The presentation discusses the importance of privacy and security on the internet, particularly in relation to surveillance and censorship infrastructure. It highlights the need for safe tools that do not enable governments to harm people and the role of Tor in achieving this goal.
- Misconfigured FTP server in Syria with gigabytes of blue code logs found by Anonymous from Telecomix
- Blue code sold to Dubai and resold to Syria, despite Syria being on the list of places American companies are not supposed to sell to
- Blue code lied about their involvement and cooperation in the investigation
- Symantec now runs the surveillance and censorship infrastructure in Syria
- Discussion on the need for safe tools that do not enable governments to harm people
- Importance of educating people about Tor and privacy on the internet
- Running a bug smash fund to fix bugs and make Tor more reliable
The speaker had an interesting meeting with the person in charge of the Tunisia internet after their revolution. He admitted to using Smart Filter and paying a million dollars a year for it, but also expressed frustration at the amount of money being spent on censorship instead of food for the country. The Smart Filter operation was outsourced to a foreign company, which the speaker assumes is in France.

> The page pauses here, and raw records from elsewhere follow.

(* Let $(S,\mathcal C)$ be a connected connectoid and $T$ a normal tree of $(S,\mathcal C)$ rooted at $r$. Suppose every component in $\mathcal K(S\setminus V(T))$ has finite adhesion to $V(T)$. For every $K\in\mathcal K(S\setminus V(T))$ let $T_K$ be a (possibly empty) normal tree of the induced subconnectoid on $K$. Then there is a normal tree $T'$ of $(S,\mathcal C)$ rooted at $r$ with $T\subseteq T'$ such that $T'-T$ is the disjoint union of the trees $T_K$, $K\in\mathcal K(S\setminus V(T))$. Furthermore, if $T$ and all $T_K$ are rayless, then $T'$ is rayless.
   Context: A connectoid is given by a set $S$ and a set $\mathcal F$ of finite subsets of $S$ such that (i) $F\cup F'\in\mathcal F$ whenever $F,F'\in\mathcal F$ and $F\cap F'\neq\emptyset$, and (ii) $\emptyset\in\mathcal F$ and $\{s\}\in\mathcal F$ for every $s\in S$. A set $C\subseteq S$ is connected if for all $x,y\in C$ there is $F\in\mathcal F$ with $F\subseteq C$ and $x,y\in F$; $\mathcal C$ is the set of connected sets; $(S,\mathcal C)$ is connected if $S\in\mathcal C$. For $S'\subseteq S$, a component of $S'$ is a maximal connected subset, $\mathcal K(S')$ is the set of components, and the induced subconnectoid on $S'$ is $(S',\mathcal C\cap\mathcal P(S'))$. A component $K\in\mathcal K(S\setminus\hat S)$ has finite adhesion to $\hat S$ if there is a finite $X\subseteq\hat S$ with $K\in\mathcal K(S\setminus X)$. A necklace is a connected set $N$ for which there is a family $(H_n)_{n\in\mathbb N}$ of finite connected sets with $N=\bigcup_n H_n$ and $H_i\cap H_j\neq\emptyset$ iff $|i-j|\le 1$. For a rooted tree $T$ with tree order $\le_T$ and $t\in V(T)$, let $\mathrm{Down}^\circ_T(t)=\{x\in V(T):x<_T t\}$. A weak normal tree of $(S,\mathcal C)$ is a rooted undirected tree $T$ with $V(T)\subseteq S$ such that (1) for every $C\in\mathcal C$ and every two $\le_T$-incomparable $u,v\in C\cap V(T)$ there is $w\in C$ with $w\le_T u$ and $w\le_T v$, and (2) for all $u\le_T v$ in $V(T)$ there is $C\in\mathcal C$ containing $u,v$ with $C\cap\mathrm{Down}^\circ_T(u)=\emptyset$. It is a normal tree if moreover for every rooted ray $R$ of $T$ some necklace contains all but finitely many vertices of $R$. A tree is rayless if it contains no ray. *)

theory Defs
  imports Main
begin

definition connectoid :: "'a set \<Rightarrow> 'a set set \<Rightarrow> bool" where
  "connectoid S F \<longleftrightarrow>
     (\<forall>X\<in>F. X \<subseteq> S \<and> finite X) \<and>
     (\<forall>X\<in>F. \<forall>Y\<in>F. X \<inter> Y \<noteq> {} \<longrightarrow> X \<union> Y \<in> F) \<and>
     {} \<in> F \<and> (\<forall>s\<in>S. {s} \<in> F)"

definition conn_sets :: "'a set \<Rightarrow> 'a set set \<Rightarrow> 'a set set" where
  "conn_sets S F = {C. C \<subseteq> S \<and> (\<forall>x\<in>C. \<forall>y\<in>C. \<exists>X\<in>F. X \<subseteq> C \<and> x \<in> X \<and> y \<in> X)}"

definition components :: "'a set set \<Rightarrow> 'a set \<Rightarrow> 'a set set" where
  "components CC X = {K. K \<noteq> {} \<and> K \<subseteq> X \<and> K \<in> CC \<and>
       (\<forall>K'. K \<subseteq> K' \<and> K' \<subseteq> X \<and> K' \<in> CC \<longrightarrow> K' = K)}"

definition finite_adhesion :: "'a set set \<Rightarrow> 'a set \<Rightarrow> 'a set \<Rightarrow> 'a set \<Rightarrow> bool" where
  "finite_adhesion CC S Shat K \<longleftrightarrow>
     (\<exists>X. X \<subseteq> Shat \<and> finite X \<and> K \<in> components CC (S - X))"

definition necklace :: "'a set set \<Rightarrow> 'a set \<Rightarrow> bool" where
  "necklace CC N \<longleftrightarrow> N \<in> CC \<and>
     (\<exists>H :: nat \<Rightarrow> 'a set. N = (\<Union>n. H n) \<and> (\<forall>n. finite (H n) \<and> H n \<in> CC) \<and>
        (\<forall>i j. H i \<inter> H j \<noteq> {} \<longleftrightarrow> (i \<le> j + 1 \<and> j \<le> i + 1)))"

definition ugraph :: "'a set \<Rightarrow> 'a set set \<Rightarrow> bool" where
  "ugraph V E \<longleftrightarrow> (\<forall>e\<in>E. \<exists>x y. x \<noteq> y \<and> x \<in> V \<and> y \<in> V \<and> e = {x, y})"

definition gpath :: "'a set \<Rightarrow> 'a set set \<Rightarrow> 'a list \<Rightarrow> bool" where
  "gpath V E p \<longleftrightarrow> p \<noteq> [] \<and> distinct p \<and> set p \<subseteq> V \<and>
     (\<forall>i. Suc i < length p \<longrightarrow> {p ! i, p ! Suc i} \<in> E)"

definition gcycle :: "'a set \<Rightarrow> 'a set set \<Rightarrow> 'a list \<Rightarrow> bool" where
  "gcycle V E p \<longleftrightarrow> gpath V E p \<and> length p \<ge> 3 \<and> {last p, hd p} \<in> E"

definition is_tree :: "'a set \<Rightarrow> 'a set set \<Rightarrow> bool" where
  "is_tree V E \<longleftrightarrow> ugraph V E \<and> V \<noteq> {} \<and>
     (\<forall>x\<in>V. \<forall>y\<in>V. \<exists>p. gpath V E p \<and> hd p = x \<and> last p = y) \<and>
     (\<nexists>p. gcycle V E p)"

definition rooted_tree :: "'a set \<Rightarrow> 'a set set \<Rightarrow> 'a \<Rightarrow> bool" where
  "rooted_tree V E r \<longleftrightarrow> is_tree V E \<and> r \<in> V"

definition tree_le :: "'a set \<Rightarrow> 'a set set \<Rightarrow> 'a \<Rightarrow> 'a \<Rightarrow> 'a \<Rightarrow> bool" where
  "tree_le V E r x y \<longleftrightarrow> (\<exists>p. gpath V E p \<and> hd p = r \<and> last p = y \<and> x \<in> set p)"

definition down_open :: "'a set \<Rightarrow> 'a set set \<Rightarrow> 'a \<Rightarrow> 'a \<Rightarrow> 'a set" where
  "down_open V E r t = {x\<in>V. tree_le V E r x t \<and> x \<noteq> t}"

definition is_ray :: "'a set \<Rightarrow> 'a set set \<Rightarrow> (nat \<Rightarrow> 'a) \<Rightarrow> bool" where
  "is_ray V E R \<longleftrightarrow> inj R \<and> range R \<subseteq> V \<and> (\<forall>n. {R n, R (Suc n)} \<in> E)"

definition rooted_ray :: "'a set \<Rightarrow> 'a set set \<Rightarrow> 'a \<Rightarrow> (nat \<Rightarrow> 'a) \<Rightarrow> bool" where
  "rooted_ray V E r R \<longleftrightarrow> is_ray V E R \<and> R 0 = r"

definition rayless :: "'a set \<Rightarrow> 'a set set \<Rightarrow> bool" where
  "rayless V E \<longleftrightarrow> (\<nexists>R. is_ray V E R)"

definition weak_normal_tree :: "'a set \<Rightarrow> 'a set set \<Rightarrow> 'a set \<Rightarrow> 'a set set \<Rightarrow> 'a \<Rightarrow> bool" where
  "weak_normal_tree S CC V E r \<longleftrightarrow> rooted_tree V E r \<and> V \<subseteq> S \<and>
     (\<forall>C\<in>CC. \<forall>u\<in>C \<inter> V. \<forall>v\<in>C \<inter> V.
         \<not> tree_le V E r u v \<and> \<not> tree_le V E r v u \<longrightarrow>
         (\<exists>w\<in>C. tree_le V E r w u \<and> tree_le V E r w v)) \<and>
     (\<forall>u\<in>V. \<forall>v\<in>V. tree_le V E r u v \<longrightarrow>
         (\<exists>C\<in>CC. u \<in> C \<and> v \<in> C \<and> C \<inter> down_open V E r u = {}))"

definition normal_tree :: "'a set \<Rightarrow> 'a set set \<Rightarrow> 'a set \<Rightarrow> 'a set set \<Rightarrow> 'a \<Rightarrow> bool" where
  "normal_tree S CC V E r \<longleftrightarrow> weak_normal_tree S CC V E r \<and>
     (\<forall>R. rooted_ray V E r R \<longrightarrow> (\<exists>N. necklace CC N \<and> finite {n. R n \<notin> N}))"

end

theory Submission
  imports Defs
begin

text \<open>
  Each nonempty \<open>T\<^sub>K\<close> is glued onto \<open>T\<close> by one new edge from its root to an attachment
  point \<open>t\<^sub>K \<in> V(T)\<close>. To choose \<open>t\<^sub>K\<close>, consider the \<open>T\<close>-minima of the connected sets
  properly containing \<open>K\<close>: any two such sets meet in \<open>K\<close>, so their union is connected
  and the minima are comparable; by finite adhesion each such set meets a fixed finite
  \<open>X \<subseteq> V(T)\<close>, so there are only finitely many minima. Let \<open>t\<^sub>K\<close> be the largest.

  In the glued graph the new edge is the only edge leaving \<open>V(T\<^sub>K)\<close>. Hence paths,
  cycles and rays split at it: the result is a tree, its tree order on \<open>T\<^sub>K\<close> is that
  of \<open>T\<^sub>K\<close> stacked on the down-closure of \<open>t\<^sub>K\<close>, and every ray has a tail in \<open>T\<close>
  or in some \<open>T\<^sub>K\<close>, which gives the necklace condition and preserves raylessness.
  A connected set \<open>C\<close> either lies inside one \<open>K\<close>, where \<open>T\<^sub>K\<close> is normal, or its
  \<open>T\<close>-minimum lies below every vertex of \<open>C\<close> in the new tree: for \<open>K\<close> met by \<open>C\<close>,
  \<open>K \<union> C\<close> properly contains \<open>K\<close> and has the same \<open>T\<close>-minimum as \<open>C\<close>, which is
  therefore below \<open>t\<^sub>K\<close>.
\<close>

fun walk :: "'a set set \<Rightarrow> 'a list \<Rightarrow> bool" where
  "walk E (x # y # xs) \<longleftrightarrow> {x, y} \<in> E \<and> walk E (y # xs)"
| "walk E _ \<longleftrightarrow> True"

lemma walk_Cons: "walk E (x # xs) \<longleftrightarrow> walk E xs \<and> (xs \<noteq> [] \<longrightarrow> {x, hd xs} \<in> E)"
  by (cases xs) auto

lemma walk_iff_nth: "walk E p \<longleftrightarrow> (\<forall>i. Suc i < length p \<longrightarrow> {p ! i, p ! Suc i} \<in> E)"
proof (induction p)
  case (Cons x p)
  then show ?case
    by (cases p) (auto simp: walk_Cons nth_Cons split: nat.splits)
qed simp

lemma walk_append:
  "walk E (xs @ ys) \<longleftrightarrow> walk E xs \<and> walk E ys \<and> (xs \<noteq> [] \<and> ys \<noteq> [] \<longrightarrow> {last xs, hd ys} \<in> E)"
  by (induction xs) (auto simp: walk_Cons)

lemma walk_rev: "walk E (rev xs) \<longleftrightarrow> walk E xs"
  by (induction xs) (auto simp: walk_append walk_Cons last_rev insert_commute)

lemma walk_restrict:
  "walk E p \<Longrightarrow> set p \<subseteq> W \<Longrightarrow> (\<And>x y. {x, y} \<in> E \<Longrightarrow> x \<in> W \<Longrightarrow> y \<in> W \<Longrightarrow> {x, y} \<in> E')
   \<Longrightarrow> walk E' p"
  by (induction E p rule: walk.induct) auto

lemma gpath_iff_walk: "gpath V E p \<longleftrightarrow> p \<noteq> [] \<and> distinct p \<and> set p \<subseteq> V \<and> walk E p"
  unfolding gpath_def walk_iff_nth by auto

lemma gpath_ends_in:
  assumes "gpath V E p" shows "hd p \<in> V" "last p \<in> V"
  using assms hd_in_set last_in_set unfolding gpath_def by blast+

lemma gpath_rev: "gpath V E p \<Longrightarrow> gpath V E (rev p)"
  by (auto simp: gpath_iff_walk walk_rev)

lemma gpath_append:
  "gpath V E xs \<Longrightarrow> gpath V E ys \<Longrightarrow> set xs \<inter> set ys = {} \<Longrightarrow> {last xs, hd ys} \<in> E
   \<Longrightarrow> gpath V E (xs @ ys)"
  by (auto simp: gpath_iff_walk walk_append)

lemma gpath_appendD:
  assumes "gpath V E (xs @ ys)"
  shows "xs \<noteq> [] \<Longrightarrow> gpath V E xs" and "ys \<noteq> [] \<Longrightarrow> gpath V E ys"
  using assms by (auto simp: gpath_iff_walk walk_append)

lemma gpath_mono: "gpath V E p \<Longrightarrow> V \<subseteq> V' \<Longrightarrow> E \<subseteq> E' \<Longrightarrow> gpath V' E' p"
  by (auto simp: gpath_iff_walk intro: walk_restrict)

lemma gpath_restrict:
  "gpath V E p \<Longrightarrow> set p \<subseteq> W \<Longrightarrow> (\<And>x y. {x, y} \<in> E \<Longrightarrow> x \<in> W \<Longrightarrow> y \<in> W \<Longrightarrow> {x, y} \<in> E')
   \<Longrightarrow> gpath W E' p"
  by (auto simp: gpath_iff_walk intro: walk_restrict)

lemma gpath_hd_last_eq: "gpath V E p \<Longrightarrow> hd p = last p \<Longrightarrow> p = [hd p]"
  by (cases p) (auto simp: gpath_def split: if_splits)

lemma walk_shortcut_to_gpath:
  assumes "walk E p" "p \<noteq> []" "set p \<subseteq> V"
  shows "\<exists>q. gpath V E q \<and> hd q = hd p \<and> last q = last p"
  using assms
proof (induction "length p" arbitrary: p rule: less_induct)
  case less
  show ?case
  proof (cases "distinct p")
    case True
    then show ?thesis using less.prems by (auto simp: gpath_iff_walk)
  next
    case False
    then obtain xs y ys zs where p: "p = xs @ y # ys @ y # zs"
      using not_distinct_decomp[of p] by auto
    let ?p' = "xs @ y # zs"
    have "walk E (xs @ [y])" "walk E (y # zs)"
      using less.prems(1) unfolding p by (simp_all add: walk_append walk_Cons)
    then have "walk E ?p'"
      by (auto simp: walk_append walk_Cons)
    moreover have "hd ?p' = hd p" "last ?p' = last p"
      unfolding p by (cases xs; simp)+
    moreover have "length ?p' < length p" "set ?p' \<subseteq> V"
      using less.prems(3) unfolding p by auto
    ultimately show ?thesis
      using less.hyps[of ?p'] by fastforce
  qed
qed

lemma paths_from_root_connect:
  assumes reach: "\<And>x. x \<in> V \<Longrightarrow> \<exists>p. gpath V E p \<and> hd p = r \<and> last p = x"
    and x: "x \<in> V" and y: "y \<in> V"
  shows "\<exists>p. gpath V E p \<and> hd p = x \<and> last p = y"
proof -
  obtain px py where px: "gpath V E px" "hd px = r" "last px = x"
    and py: "gpath V E py" "hd py = r" "last py = y"
    using reach x y by metis
  obtain q where py_q: "py = r # q"
    using py by (cases py) (auto simp: gpath_def)
  let ?w = "rev px @ q"
  have "walk E (rev px)" "walk E q" "q \<noteq> [] \<longrightarrow> {r, hd q} \<in> E"
    using px py unfolding py_q by (auto simp: gpath_iff_walk walk_rev walk_Cons)
  then have "walk E ?w"
    using px(1,2) by (auto simp: walk_append last_rev gpath_def)
  moreover have "?w \<noteq> []" "set ?w \<subseteq> V"
    using px(1) py(1) unfolding py_q by (auto simp: gpath_def)
  moreover have "hd ?w = x" "last ?w = y"
    using px py unfolding py_q by (auto simp: hd_rev last_rev gpath_def)
  ultimately show ?thesis
    using walk_shortcut_to_gpath by metis
qed
lemma relaxed_proj_norm_eq_imp_in:
  fixes S :: "'a::euclidean_space set"
  assumes "subspace S" "0 < a" "a < 2" "norm (relaxed_proj a S x) = norm x"
  shows "x \<in> S"
proof -
  have "a * (2 - a) * (norm (x - Proj S x))\<^sup>2 = 0"
    using norm_relaxed_proj_squared[OF assms(1), of a x] assms(4) by simp
  then have "Proj S x = x" using assms(2,3) by simp
  then show ?thesis using Proj_eq_self_iff[OF assms(1)] by simp
qed

lemma convex_combination_norm_ge_imp_eq:
  fixes u d :: "'a::real_inner"
  assumes "0 < t" "t < 1" "norm u \<le> norm d" "norm d \<le> norm (t *\<^sub>R u + (1 - t) *\<^sub>R d)"
  shows "u = d"
proof -
  define w where "w = t *\<^sub>R u + (1 - t) *\<^sub>R d"
  have "(norm w)\<^sup>2 = t * (norm u)\<^sup>2 + (1 - t) * (norm d)\<^sup>2 - t * (1 - t) * (norm (u - d))\<^sup>2"
    unfolding w_def power2_norm_eq_inner by (simp add: inner_commute algebra_simps power2_eq_square)
  moreover have "(norm d)\<^sup>2 \<le> (norm w)\<^sup>2"
    using assms(4) unfolding w_def by (simp add: power_mono)
  ultimately have "t * (1 - t) * (norm (u - d))\<^sup>2 \<le> t * ((norm u)\<^sup>2 - (norm d)\<^sup>2)"
    by (simp only: left_diff_distrib right_diff_distrib mult_1_left mult_1_right)
  also have "\<dots> \<le> 0"
    using assms(1,3) by (simp add: mult_nonneg_nonpos power_mono)
  finally have "norm (u - d) = 0"
    using assms(1,2) by (simp add: mult_le_0_iff)
  then show ?thesis by simp
qed

definition averaged_relaxed_proj ::
  "real \<Rightarrow> real \<Rightarrow> real \<Rightarrow> 'a::euclidean_space set \<Rightarrow> 'a set \<Rightarrow> 'a \<Rightarrow> 'a" where
  "averaged_relaxed_proj \<alpha> \<alpha>1 \<alpha>2 A B x =
     \<alpha> *\<^sub>R relaxed_proj \<alpha>2 A (relaxed_proj \<alpha>1 B x) + (1 - \<alpha>) *\<^sub>R x"

lemma linear_averaged_relaxed_proj:
  assumes "subspace A" "subspace B"
  shows "linear (averaged_relaxed_proj \<alpha> \<alpha>1 \<alpha>2 A B)"
  using linear_relaxed_proj[OF assms(1)] linear_relaxed_proj[OF assms(2)]
  unfolding averaged_relaxed_proj_def
  by (intro linearI) (simp_all add: linear_add linear_scale algebra_simps)

lemma averaged_relaxed_proj_fixes_inter:
  "x \<in> A \<inter> B \<Longrightarrow> averaged_relaxed_proj \<alpha> \<alpha>1 \<alpha>2 A B x = x"
  unfolding averaged_relaxed_proj_def by (simp add: relaxed_proj_self algebra_simps)

lemma averaged_relaxed_proj_norm_ge_imp_in:
  fixes A B :: "'a::euclidean_space set"
  assumes A: "subspace A" and B: "subspace B"
    and "0 < \<alpha>" "\<alpha> \<le> 1" "0 < \<alpha>1" "\<alpha>1 \<le> 2" "0 < \<alpha>2" "\<alpha>2 \<le> 2"
    and params: "(\<alpha>1 < 2 \<and> \<alpha>2 < 2) \<or> (\<alpha> < 1 \<and> (\<alpha>1 \<noteq> 2 \<or> \<alpha>2 \<noteq> 2))"
    and ge: "norm x \<le> norm (averaged_relaxed_proj \<alpha> \<alpha>1 \<alpha>2 A B x)"
  shows "x \<in> A \<inter> B"
proof -
  define e where "e = relaxed_proj \<alpha>1 B x"
  define u where "u = relaxed_proj \<alpha>2 A e"
  have e_le: "norm e \<le> norm x" unfolding e_def using B assms(5,6) by (simp add: norm_relaxed_proj_le)
  have u_le: "norm u \<le> norm e" unfolding u_def using A assms(7,8) by (simp add: norm_relaxed_proj_le)
  have ge_comb: "norm x \<le> norm (\<alpha> *\<^sub>R u + (1 - \<alpha>) *\<^sub>R x)"
    using ge unfolding averaged_relaxed_proj_def u_def e_def .
  also have "\<dots> \<le> \<alpha> * norm u + (1 - \<alpha>) * norm x"
    using norm_triangle_ineq[of "\<alpha> *\<^sub>R u" "(1 - \<alpha>) *\<^sub>R x"] assms(3,4) by simp
  finally have "norm x \<le> norm u" using assms(3) by (simp add: algebra_simps)
  then have u_eq: "norm u = norm e" and e_eq: "norm e = norm x"
    using e_le u_le by linarith+
  show ?thesis
  proof (cases "\<alpha>1 < 2 \<and> \<alpha>2 < 2")
    case True
    then have "x \<in> B" using relaxed_proj_norm_eq_imp_in[OF B] assms(5) e_eq unfolding e_def by blast
    then have "e = x" unfolding e_def by (simp add: relaxed_proj_self)
    then have "x \<in> A" using relaxed_proj_norm_eq_imp_in[OF A] True assms(7) u_eq unfolding u_def by blast
    with \<open>x \<in> B\<close> show ?thesis by blast
  next
    case False
    then have "\<alpha> < 1" and one_below_2: "\<alpha>1 < 2 \<or> \<alpha>2 < 2" using params assms(6,8) by auto
    have "u = x"
      using convex_combination_norm_ge_imp_eq[OF assms(3) \<open>\<alpha> < 1\<close> _ ge_comb] u_eq e_eq by simp
    consider "\<alpha>1 < 2" | "\<alpha>2 < 2" using one_below_2 by blast
    then show ?thesis
    proof cases
      case 1
      then have "x \<in> B" using relaxed_proj_norm_eq_imp_in[OF B] assms(5) e_eq unfolding e_def by blast
      then have "relaxed_proj \<alpha>2 A x = x" using \<open>u = x\<close> unfolding u_def e_def by (simp add: relaxed_proj_self)
      then have "x \<in> A" using relaxed_proj_eq_self_iff[OF A] assms(7) by simp
      with \<open>x \<in> B\<close> show ?thesis by blast
    next
      case 2
      then have "e \<in> A" using relaxed_proj_norm_eq_imp_in[OF A] assms(7) u_eq unfolding u_def by blast
      then have "e = x" using \<open>u = x\<close> unfolding u_def by (simp add: relaxed_proj_self)
      then have "x \<in> B" using relaxed_proj_eq_self_iff[OF B] assms(5) unfolding e_def by simp
      with \<open>e \<in> A\<close> \<open>e = x\<close> show ?thesis by blast
    qed
  qed
qed

lemma onorm_less_one:
  fixes L :: "'a::euclidean_space \<Rightarrow> 'b::real_normed_vector"
  assumes L: "linear L" and contr: "\<And>x. x \<noteq> 0 \<Longrightarrow> norm (L x) < norm x"
  shows "onorm L < 1"
proof -
  have "continuous_on (sphere 0 1) (\<lambda>x. norm (L x))"
    using L by (intro continuous_on_norm linear_continuous_on) (simp add: linear_conv_bounded_linear)
  then have "\<exists>x0\<in>sphere 0 1. \<forall>y\<in>sphere 0 1. norm (L y) \<le> norm (L x0)"
    by (intro continuous_attains_sup[OF compact_sphere]) auto
  then obtain x0 where x0: "x0 \<in> sphere 0 1"
    and x0_max: "\<And>y. y \<in> sphere 0 1 \<Longrightarrow> norm (L y) \<le> norm (L x0)"
    by blast
  have "onorm L \<le> norm (L x0)"
  proof (rule onorm_le)
    fix x :: 'a
    show "norm (L x) \<le> norm (L x0) * norm x"
    proof (cases "x = 0")
      case True
      then show ?thesis using linear_0[OF L] by simp
    next
      case False
      have "norm (L (x /\<^sub>R norm x)) \<le> norm (L x0)"
        using False by (intro x0_max) simp
      then show ?thesis using False by (simp add: linear_scale[OF L] field_simps)
    qed
  qed
  also have "\<dots> < 1" using contr[of x0] x0 by fastforce
  finally show ?thesis .
qed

Tor is a free-software anonymizing network that helps people around the world use the Internet in safety. But who cares how good Tor's privacy is, if your government prevents you from reaching the Tor network?
In the beginning, some countries filtered torproject.org by DNS (so we made website mirrors and an email autoresponder for downloading Tor), and then some countries blocked Tor relays by IP address (so we developed bridges, which are essentially unlisted relays), and then some countries blocked Tor traffic by Deep Packet Inspection (so we developed pluggable transports to transform Tor flows into benign-looking traffic).
Then things got weird, with China's nationwide active probing infrastructure to enumerate bridges, with Amazon rolling over to Russia's threats when Telegram used "domain fronting" to get around blocking, with Turkey blocking Tor traffic by DPI in more subtle ways, with Venezuela and Ethiopia and Iran trying new tricks, and more.
In this talk I'll get you up to speed on all the ways governments have tried to block Tor, walk through our upcoming steps to stay ahead of the arms race, and give you some new—easier—ways that let you help censored users reach the internet safely.